lemma real_distribution_beta_measure:
  assumes "a > 0" "b > 0"
  shows "real_distribution (beta_measure a b)"
proof -
  have B: "Beta a b > 0" using Beta_real_pos assms by simp
  have "((\<lambda>x. x powr (a - 1) * (1 - x) powr (b - 1) / Beta a b) has_integral 1) {0<..<1}"
    using has_integral_divide[OF has_integral_Beta_real[OF assms], of "Beta a b"] B
    by (simp add: has_integral_Icc_iff_Ioo)
  then have "(\<integral>\<^sup>+x\<in>{0<..<1}. ennreal (x powr (a - 1) * (1 - x) powr (b - 1) / Beta a b) \<partial>lborel) = 1"
    using B by (subst nn_integral_has_integral_lebesgue') auto
  moreover have "emeasure (beta_measure a b) UNIV =
      (\<integral>\<^sup>+x\<in>{0<..<1}. ennreal (x powr (a - 1) * (1 - x) powr (b - 1) / Beta a b) \<partial>lborel)"
    by (auto simp: emeasure_beta_measure beta_density_def split: split_indicator intro!: nn_integral_cong)
  ultimately have "emeasure (beta_measure a b) UNIV = 1" by simp
  then show ?thesis
    by (auto simp: real_distribution_def real_distribution_axioms_def intro!: prob_spaceI)
qed

context
  fixes a b :: real
  assumes a: "a > 0" and b: "b > 0"
begin

interpretation real_distribution "beta_measure a b"
  using real_distribution_beta_measure[OF a b] .

lemma measure_beta_measure_unit: "measure (beta_measure a b) {0<..<1} = 1"
proof -
  have "measure (beta_measure a b) (UNIV - {0<..<1}) = 0"
    by (rule measure_beta_measure_outside_unit) auto
  then show ?thesis using prob_compl[of "{0<..<1}"] by simp
qed

lemma isCont_cdf_beta_measure: "isCont (cdf (beta_measure a b)) x"
  by (simp add: isCont_cdf measure_def emeasure_beta_measure_singleton)

lemma cdf_beta_measure_0: "cdf (beta_measure a b) 0 = 0"
  unfolding cdf_def by (rule measure_beta_measure_outside_unit) auto

lemma cdf_beta_measure_1: "cdf (beta_measure a b) 1 = 1"
proof -
  have "measure (beta_measure a b) (UNIV - {..1}) = 0"
    by (rule measure_beta_measure_outside_unit) auto
  then show ?thesis using prob_compl[of "{..1}"] by (simp add: cdf_def)
qed

end
(* Let $V$ be a set and $(\mathcal{H}_\ell)_{\ell\in\mathbb{Z}}$ a hypergraph chain over $V$ with Colorful Helly Number $k$. Let $S\subset V$ be a finite subset with $|S|=n$, where $n$ is sufficiently large (in terms of $k$). If for some $t\in\mathbb{Z}$ and $c\in(0,1)$ the inequality $\omega_k(\mathcal{H}_{t+1}|_S)\le cn/2$ holds, then for any $i\in\{1,\dots,k\}$ and any family $\mathcal{F}_i\subset\binom{S}{i}$ with $|\mathcal{F}_i|\ge c\binom{n}{i}$, there exist a family $\mathcal{F}_{i-1}\subset\binom{S}{i-1}$ and a set $M\in\binom{S}{k}\setminus\mathcal{H}_t$ such that $|\mathcal{F}_{i-1}|\ge\left(\frac{c}{12k^2}\right)^k\binom{n}{i-1}$ and $A\cup\{v\}\in\mathcal{F}_i$ for all $A\in\mathcal{F}_{i-1}$ and all $v\in M$.
   Context: A hypergraph on $V$ is a family $\mathcal{H}\subset 2^V$; it is downwards closed if $H\in\mathcal{H}$, $G\subset H$ imply $G\in\mathcal{H}$. A hypergraph chain over $V$ is a sequence $(\mathcal{H}_\ell)_{\ell\in\mathbb{Z}}$ of downwards closed hypergraphs on $V$ with $\mathcal{H}_\ell\subset\mathcal{H}_{\ell+1}$. For $S_1,\dots,S_k\subset V$, $F\subset V$ is a colorful selection if there is a surjection $\phi:\{1,\dots,k\}\to F$ with $\phi(i)\in S_i$; these form $S_1\otimes\dots\otimes S_k$. The chain has Colorful Helly Number $k$ if for all finite $S_1,\dots,S_k\subset V$ and $\ell$ with $S_1\otimes\dots\otimes S_k\subset\mathcal{H}_\ell$, some $S_j\in\mathcal{H}_{\ell+1}$. $\binom{S}{i}$ denotes the set of $i$-element subsets of $S$. For a hypergraph $\mathcal{H}$ and finite $S$, $\omega_k(\mathcal{H}|_S)$ is the largest size of $K\subset S$ with $\binom{K}{k}\subset\mathcal{H}$. *)

theory Defs
  imports Complex_Main
begin

definition downwards_closed :: "'a set set \<Rightarrow> bool" where
  "downwards_closed \<H> \<longleftrightarrow> (\<forall>H \<in> \<H>. \<forall>G. G \<subseteq> H \<longrightarrow> G \<in> \<H>)"
theorem mainTheorem6:
  fixes M :: "'a measure" and h :: "nat \<Rightarrow> 'a \<Rightarrow> complex" and l :: nat and c :: real
  assumes "prob_space M"
    and "l \<ge> 1" and "c > 0"
    and "prob_space.indep_vars M (\<lambda>_. borel) h {..<l}"
    and "\<And>i. i < l \<Longrightarrow> distributed M lborel (h i) (\<lambda>z. ennreal (cn01_density z))"
  shows "(\<exists>!y. y > 0 \<and> phi l y = 0)
    \<and> (\<forall>y. y > 0 \<and> phi l y = 0 \<longrightarrow>
          y \<le> real l
        \<and> real l * c / y \<ge> c
        \<and> (\<forall>a b. 0 < a \<and> a < b \<and> b \<le> real l * c / y \<longrightarrow> psi M h l c a < psi M h l c b)
        \<and> (\<forall>a b. real l * c / y \<le> a \<and> a < b \<longrightarrow> psi M h l c b < psi M h l c a))"
proof -
  interpret iid_cn01 M h l
    using assms(1,4,5) by (simp add: iid_cn01_def iid_cn01_axioms_def)
  show ?thesis
  proof (intro conjI allI impI)
    show "\<exists>!y. y > 0 \<and> phi l y = 0" using phi_unique_positive_root[OF assms(2)] .
    fix y assume root: "y > 0 \<and> phi l y = 0"
    then show y_le_l: "y \<le> real l" using phi_positive_root_le[OF assms(2)] by blast
    show "real l * c / y \<ge> c"
      using root y_le_l \<open>c > 0\<close> by (simp add: le_divide_eq mult_left_mono mult.commute)
    show "psi M h l c a < psi M h l c b" if "0 < a \<and> a < b \<and> b \<le> real l * c / y" for a b
      using psi_strict_mono_before_peak[OF assms(2,3)] root that by blast
    show "psi M h l c b < psi M h l c a" if "real l * c / y \<le> a \<and> a < b" for a b
      using psi_strict_anti_after_peak[OF assms(2,3)] root that by blast
  qed
qed

end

◆ ◆ ◆

→ **Goal of the exercise**
After reading through the records, count the lines that hold the string "assumes" and give only the count.

→ **Answer to the problem**
3